What to do
Your answer should consist only of the lines below from the one with "(cols ?K) \<Longrightarrow>" through the one with "using R R' by auto", copied exactly.

------------------------

lemma (in real_vec_space) block_krylov_invariant:
  assumes M: "M \<in> carrier_mat n n" and N: "N \<in> carrier_mat n m"
    and v: "v \<in> set (cols (block_krylov M N n))"
  shows "M *\<^sub>v v \<in> span (set (cols (block_krylov M N n)))"
proof -
  have "dim_col (block_krylov M N n) = m * (n + 1)" using block_krylov_carrier[OF N] by blast
  then obtain j where j: "j < m * (n + 1)" and "v = col (block_krylov M N n) j"
    using v by (auto simp: cols_def)
  then have "m > 0" and v_eq: "v = (M ^\<^sub>m (j div m)) *\<^sub>v col N (j mod m)"
    using col_block_krylov[OF M N j] by (auto intro: Nat.gr0I)
  then have r: "j mod m < m" by simp
  have c: "col N (j mod m) \<in> carrier_vec n" using col_dim[of N] N by simp
  let ?krylov = "(\<lambda>i. (M ^\<^sub>m i) *\<^sub>v col N (j mod m)) ` {..n}"
  have "M *\<^sub>v v = (M ^\<^sub>m Suc (j div m)) *\<^sub>v col N (j mod m)"
    unfolding v_eq pow_mat_Suc_mult_vec[OF M c] ..
  also have "\<dots> \<in> span ?krylov"
    by (rule pow_mult_vec_in_krylov_span[OF M c])
  finally have "M *\<^sub>v v \<in> span ?krylov" .
  moreover have "?krylov \<subseteq> set (cols (block_krylov M N n))"
    using pow_mult_col_in_cols_block_krylov[OF M N _ r] by blast
  ultimately show ?thesis by (rule rev_subsetD[OF _ span_is_monotone])
qed

lemma krylov_adapted_change_of_basis:
  fixes X2 X12 :: "real mat"
  assumes X2: "X2 \<in> carrier_mat n n" and X12: "X12 \<in> carrier_mat m n"
    and rank: "mat_rank (block_krylov (transpose_mat X2) (transpose_mat X12) n) = r"
  obtains P P' where "P \<in> carrier_mat n n" and "P' \<in> carrier_mat n n"
    and "P * P' = 1\<^sub>m n" and "P' * P = 1\<^sub>m n" and "r \<le> n"
    and "\<And>i j. i < r \<Longrightarrow> r \<le> j \<Longrightarrow> j < n \<Longrightarrow> (P * X2 * P') $$ (i, j) = 0"
    and "\<And>i j. i < m \<Longrightarrow> r \<le> j \<Longrightarrow> j < n \<Longrightarrow> (X12 * P') $$ (i, j) = 0"
proof -
  interpret real_vec_space n .
  let ?M = "transpose_mat X2" and ?N = "transpose_mat X12"
  let ?K = "block_krylov ?M ?N n"
  have M: "?M \<in> carrier_mat n n" and N: "?N \<in> carrier_mat n m" using X2 X12 by auto
  have K: "?K \<in> carrier_mat n (m * (n + 1))" by (rule block_krylov_carrier[OF N])
  then have "rank ?K = r" using rank unfolding mat_rank_def by simp
  then obtain R R' where R: "R \<in> carrier_mat n n" and R': "R' \<in> carrier_mat n n"
    and inv: "R * R' = 1\<^sub>m n" "R' * R = 1\<^sub>m n" and "r \<le> n"
    and block_zero: "\<And>i j. r \<le> i \<Longrightarrow> i < n \<Longrightarrow> j < r \<Longrightarrow> (R' * ?M * R) $$ (i, j) = 0"
    and tail_zero: "\<And>v i. v \<in> set (cols ?K) \<Longrightarrow> r \<le> i \<Longrightarrow> i < n \<Longrightarrow> (R' *\<^sub>v v) $ i = 0"
    using invariant_column_space_block_triangular[OF M K block_krylov_invariant[OF M N]] by metis
  show thesis
  proof (rule that)
    show "transpose_mat R \<in> carrier_mat n n" "transpose_mat R' \<in> carrier_mat n n"
      using R R' by auto
    show "transpose_mat R * transpose_mat R' = 1\<^sub>m n" "transpose_mat R' * transpose_mat R = 1\<^sub>m n"
      using inv R R' by (metis transpose_mult transpose_one)+
    show "r \<le> n" by fact
  next
    fix i j assume ij: "i < r" "r \<le> j" "j < n"
    have "transpose_mat (R' * ?M * R) = transpose_mat R * transpose_mat (R' * ?M)"
      using R R' M by (intro transpose_mult) auto
    also have "transpose_mat (R' * ?M) = X2 * transpose_mat R'"
      using transpose_mult[OF R' M] by simp
    finally have "transpose_mat R * X2 * transpose_mat R' = transpose_mat (R' * ?M * R)"
      using R R' X2 by (simp add: assoc_mult_mat[of _ n n _ n _ n])
    then show "(transpose_mat R * X2 * transpose_mat R') $$ (i, j) = 0"
      using block_zero[of j i] ij R R' by simp
  next
    fix i j assume ij: "i < m" "r \<le> j" "j < n"
    have "col ?N i \<in> carrier_vec n" using col_dim[of ?N i] N by simp
    then have "col ?N i = (?M ^\<^sub>m 0) *\<^sub>v col ?N i" using M by simp
    also have "\<dots> \<in> set (cols ?K)" by (rule pow_mult_col_in_cols_block_krylov[OF M N le0 \<open>i < m\<close>])
    finally have "col ?N i \<in> set (cols ?K)" .
    then have "(R' *\<^sub>v col ?N i) $ j = 0" using tail_zero ij by blast
    moreover have "X12 * transpose_mat R' = transpose_mat (R' * ?N)"
      using R' X12 by (simp add: transpose_mult[of _ n n])
    ultimately show "(X12 * transpose_mat R') $$ (i, j) = 0" using ij R' N by simp
  qed
qed

lemma similar_mat_wit_block_diag:
  fixes P P' :: "'a :: comm_ring_1 mat"
  assumes A1: "A1 \<in> carrier_mat m m" and X12: "X12 \<in> carrier_mat m n" and X2: "X2 \<in> carrier_mat n n"
    and P: "P \<in> carrier_mat n n" and P': "P' \<in> carrier_mat n n"
    and inv: "P * P' = 1\<^sub>m n" "P' * P = 1\<^sub>m n"
  shows "similar_mat_wit (four_block_mat A1 (X12 * P') (0\<^sub>m n m) (P * X2 * P'))
    (four_block_mat A1 X12 (0\<^sub>m n m) X2)
    (four_block_mat (1\<^sub>m m) (0\<^sub>m m n) (0\<^sub>m n m) P) (four_block_mat (1\<^sub>m m) (0\<^sub>m m n) (0\<^sub>m n m) P')"
proof (rule similar_mat_witI[of _ _ "m + n"])
  show "four_block_mat (1\<^sub>m m) (0\<^sub>m m n) (0\<^sub>m n m) P * four_block_mat (1\<^sub>m m) (0\<^sub>m m n) (0\<^sub>m n m) P'
    = 1\<^sub>m (m + n)"
    using P P' inv by (subst mult_four_block_mat[of _ m m _ n _ n _ _ m _ n]) auto
  show "four_block_mat (1\<^sub>m m) (0\<^sub>m m n) (0\<^sub>m n m) P' * four_block_mat (1\<^sub>m m) (0\<^sub>m m n) (0\<^sub>m n m) P
    = 1\<^sub>m (m + n)"
    using P P' inv by (subst mult_four_block_mat[of _ m m _ n _ n _ _ m _ n]) auto
  have "four_block_mat (1\<^sub>m m) (0\<^sub>m m n) (0\<^sub>m n m) P * four_block_mat A1 X12 (0\<^sub>m n m) X2
    = four_block_mat A1 X12 (0\<^sub>m n m) (P * X2)"
    using A1 X12 X2 P by (subst mult_four_block_mat[of _ m m _ n _ n _ _ m _ n]) auto
  then show "four_block_mat A1 (X12 * P') (0\<^sub>m n m) (P * X2 * P')
    = four_block_mat (1\<^sub>m m) (0\<^sub>m m n) (0\<^sub>m n m) P * four_block_mat A1 X12 (0\<^sub>m n m) X2
      * four_block_mat (1\<^sub>m m) (0\<^sub>m m n) (0\<^sub>m n m) P'"
    using A1 X12 X2 P P' by (simp add: mult_four_block_mat[of _ m m _ n _ n _ _ m _ n])
qed (use A1 X12 X2 P P' in auto)

lemma block_diag_mult_append_rows_zero:
  fixes P :: "'a :: semiring_1 mat"
  assumes "B1 \<in> carrier_mat m q" and "P \<in> carrier_mat n n"
  shows "four_block_mat (1\<^sub>m m) (0\<^sub>m m n) (0\<^sub>m n m) P * (B1 @\<^sub>r 0\<^sub>m n q) = B1 @\<^sub>r 0\<^sub>m n q"
  unfolding append_rows_def using assms
  by (subst mult_four_block_mat[of _ m m _ n _ n _ _ q _ 0]) auto

lemma append_rows_zero_split:
  assumes "B1 \<in> carrier_mat m q" and "r \<le> n"
  shows "B1 @\<^sub>r 0\<^sub>m n q = B1 @\<^sub>r 0\<^sub>m r q @\<^sub>r 0\<^sub>m (n - r) q"
  unfolding append_rows_def using assms by (intro eq_matI) auto

lemma four_block_mat_as_block3_mat:
  fixes A1 H G :: "real mat"
  assumes A1: "A1 \<in> carrier_mat m m" and H: "H \<in> carrier_mat m n" and G: "G \<in> carrier_mat n n"
    and "r \<le> n"
    and G_zero: "\<And>i j. i < r \<Longrightarrow> r \<le> j \<Longrightarrow> j < n \<Longrightarrow> G $$ (i, j) = 0"
    and H_zero: "\<And>i j. i < m \<Longrightarrow> r \<le> j \<Longrightarrow> j < n \<Longrightarrow> H $$ (i, j) = 0"
  obtains A12 A2 A32 A3 where "A12 \<in> carrier_mat m r" and "A2 \<in> carrier_mat r r"
    and "A32 \<in> carrier_mat (n - r) r" and "A3 \<in> carrier_mat (n - r) (n - r)"
    and "four_block_mat A1 H (0\<^sub>m n m) G = block3_mat
      A1 A12 (0\<^sub>m m (n - r)) (0\<^sub>m r m) A2 (0\<^sub>m r (n - r)) (0\<^sub>m (n - r) m) A32 A3"
proof (rule that)
  let ?B3 = "block3_mat A1 (mat m r (\<lambda>(i, j). H $$ (i, j))) (0\<^sub>m m (n - r))
    (0\<^sub>m r m) (mat r r (\<lambda>(i, j). G $$ (i, j))) (0\<^sub>m r (n - r))
    (0\<^sub>m (n - r) m) (mat (n - r) r (\<lambda>(i, j). G $$ (i + r, j)))
      (mat (n - r) (n - r) (\<lambda>(i, j). G $$ (i + r, j + r)))"
  show "four_block_mat A1 H (0\<^sub>m n m) G = ?B3"
  proof (rule eq_matI)
    have dims: "dim_row ?B3 = m + n" "dim_col ?B3 = m + n"
      using A1 \<open>r \<le> n\<close> unfolding block3_mat_def Let_def by auto
    then show "dim_row (four_block_mat A1 H (0\<^sub>m n m) G) = dim_row ?B3"
      and "dim_col (four_block_mat A1 H (0\<^sub>m n m) G) = dim_col ?B3"
      using A1 G by auto
    fix i j assume "i < dim_row ?B3" and "j < dim_col ?B3"
    then have "i < m + n" and "j < m + n" using dims by auto
    then show "four_block_mat A1 H (0\<^sub>m n m) G $$ (i, j) = ?B3 $$ (i, j)"
      using A1 H G \<open>r \<le> n\<close> G_zero[of "i - m" "j - m"] H_zero[of i "j - m"]
      unfolding block3_mat_def Let_def by auto
  qed
qed auto

theorem proposition1:
  fixes A B T Ti A1 X12 X2 B1 :: "real mat" and d du sc se :: nat
  assumes A: "A \<in> carrier_mat d d" and B: "B \<in> carrier_mat d du"
    and rank_G: "mat_rank (block_krylov A B d) = sc" and sc_lt: "sc < d"
    and T: "T \<in> carrier_mat d d" and Ti: "Ti \<in> carrier_mat d d"
    and T_inv: "T * Ti = 1\<^sub>m d" "Ti * T = 1\<^sub>m d"
    and A1: "A1 \<in> carrier_mat sc sc" and X12: "X12 \<in> carrier_mat sc (d - sc)"
    and X2: "X2 \<in> carrier_mat (d - sc) (d - sc)" and B1: "B1 \<in> carrier_mat sc du"
    and TAT: "T * A * Ti = four_block_mat A1 X12 (0\<^sub>m (d - sc) sc) X2"
    and TB: "T * B = B1 @\<^sub>r 0\<^sub>m (d - sc) du"
    and rank_RD: "mat_rank (block_krylov (transpose_mat X2) (transpose_mat X12) (d - sc)) = se"
  shows "\<exists>S Si A12 A2 A32 A3.
     S \<in> carrier_mat d d \<and> Si \<in> carrier_mat d d \<and> S * Si = 1\<^sub>m d \<and> Si * S = 1\<^sub>m d \<and>
     A12 \<in> carrier_mat sc se \<and> A2 \<in> carrier_mat se se \<and>
     A32 \<in> carrier_mat (d - sc - se) se \<and> A3 \<in> carrier_mat (d - sc - se) (d - sc - se) \<and>
     S * A * Si = block3_mat
        A1 A12 (0\<^sub>m sc (d - sc - se))
        (0\<^sub>m se sc) A2 (0\<^sub>m se (d - sc - se))
        (0\<^sub>m (d - sc - se) sc) A32 A3 \<and>
     S * B = B1 @\<^sub>r 0\<^sub>m se du @\<^sub>r 0\<^sub>m (d - sc - se) du"
proof -
  let ?n = "d - sc"
  obtain P P' where P: "P \<in> carrier_mat ?n ?n" and P': "P' \<in> carrier_mat ?n ?n"
    and inv: "P * P' = 1\<^sub>m ?n" "P' * P = 1\<^sub>m ?n" and "se \<le> ?n"
    and G_zero: "\<And>i j. i < se \<Longrightarrow> se \<le> j \<Longrightarrow> j < ?n \<Longrightarrow> (P * X2 * P') $$ (i, j) = 0"
    and H_zero: "\<And>i j. i < sc \<Longrightarrow> se \<le> j \<Longrightarrow> j < ?n \<Longrightarrow> (X12 * P') $$ (i, j) = 0"
    using krylov_adapted_change_of_basis[OF X2 X12 rank_RD] by metis
  let ?D = "four_block_mat (1\<^sub>m sc) (0\<^sub>m sc ?n) (0\<^sub>m ?n sc) P"
  let ?D' = "four_block_mat (1\<^sub>m sc) (0\<^sub>m sc ?n) (0\<^sub>m ?n sc) P'"
  let ?G = "P * X2 * P'" and ?H = "X12 * P'"
  have "similar_mat_wit (T * A * Ti) A T Ti"
    using T Ti A T_inv by (intro similar_mat_witI[of _ _ d]) auto
  then have sim: "similar_mat_wit (four_block_mat A1 ?H (0\<^sub>m ?n sc) ?G) A (?D * T) (Ti * ?D')"
    using similar_mat_wit_trans[OF similar_mat_wit_block_diag[OF A1 X12 X2 P P' inv]] TAT by simp
  have G: "?G \<in> carrier_mat ?n ?n" and H: "?H \<in> carrier_mat sc ?n" using P P' X2 X12 by auto
  have "four_block_mat A1 ?H (0\<^sub>m ?n sc) ?G \<in> carrier_mat d d"
    using four_block_carrier_mat[OF A1 G] sc_lt by simp
  note S = similar_mat_witD2[OF this sim]
  have "?D \<in> carrier_mat d d" using four_block_carrier_mat[OF one_carrier_mat P, of sc] sc_lt by simp
  then have SB: "?D * T * B = B1 @\<^sub>r 0\<^sub>m se du @\<^sub>r 0\<^sub>m (d - sc - se) du"
    using T B block_diag_mult_append_rows_zero[OF B1 P] append_rows_zero_split[OF B1 \<open>se \<le> ?n\<close>]
    by (simp add: assoc_mult_mat[of _ d d _ d _ du] TB)
  obtain A12 A2 A32 A3 where "A12 \<in> carrier_mat sc se" and "A2 \<in> carrier_mat se se"
    and "A32 \<in> carrier_mat (?n - se) se" and "A3 \<in> carrier_mat (?n - se) (?n - se)"
    and "four_block_mat A1 ?H (0\<^sub>m ?n sc) ?G = block3_mat
      A1 A12 (0\<^sub>m sc (?n - se)) (0\<^sub>m se sc) A2 (0\<^sub>m se (?n - se)) (0\<^sub>m (?n - se) sc) A32 A3"
    using four_block_mat_as_block3_mat[OF A1 H G \<open>se \<le> ?n\<close> G_zero H_zero] .
  then show ?thesis using S(1,2,3,6,7) SB by metis
qed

------------------------

Answer to this exercise
    and tail_zero: "\<And>v i. v \<in> set (cols ?K) \<Longrightarrow> r \<le> i \<Longrightarrow> i < n \<Longrightarrow> (R' *\<^sub>v v) $ i = 0"
    using invariant_column_space_block_triangular[OF M K block_krylov_invariant[OF M N]] by metis
  show thesis
  proof (rule that)
    show "transpose_mat R \<in> carrier_mat n n" "transpose_mat R' \<in> carrier_mat n n"
      using R R' by auto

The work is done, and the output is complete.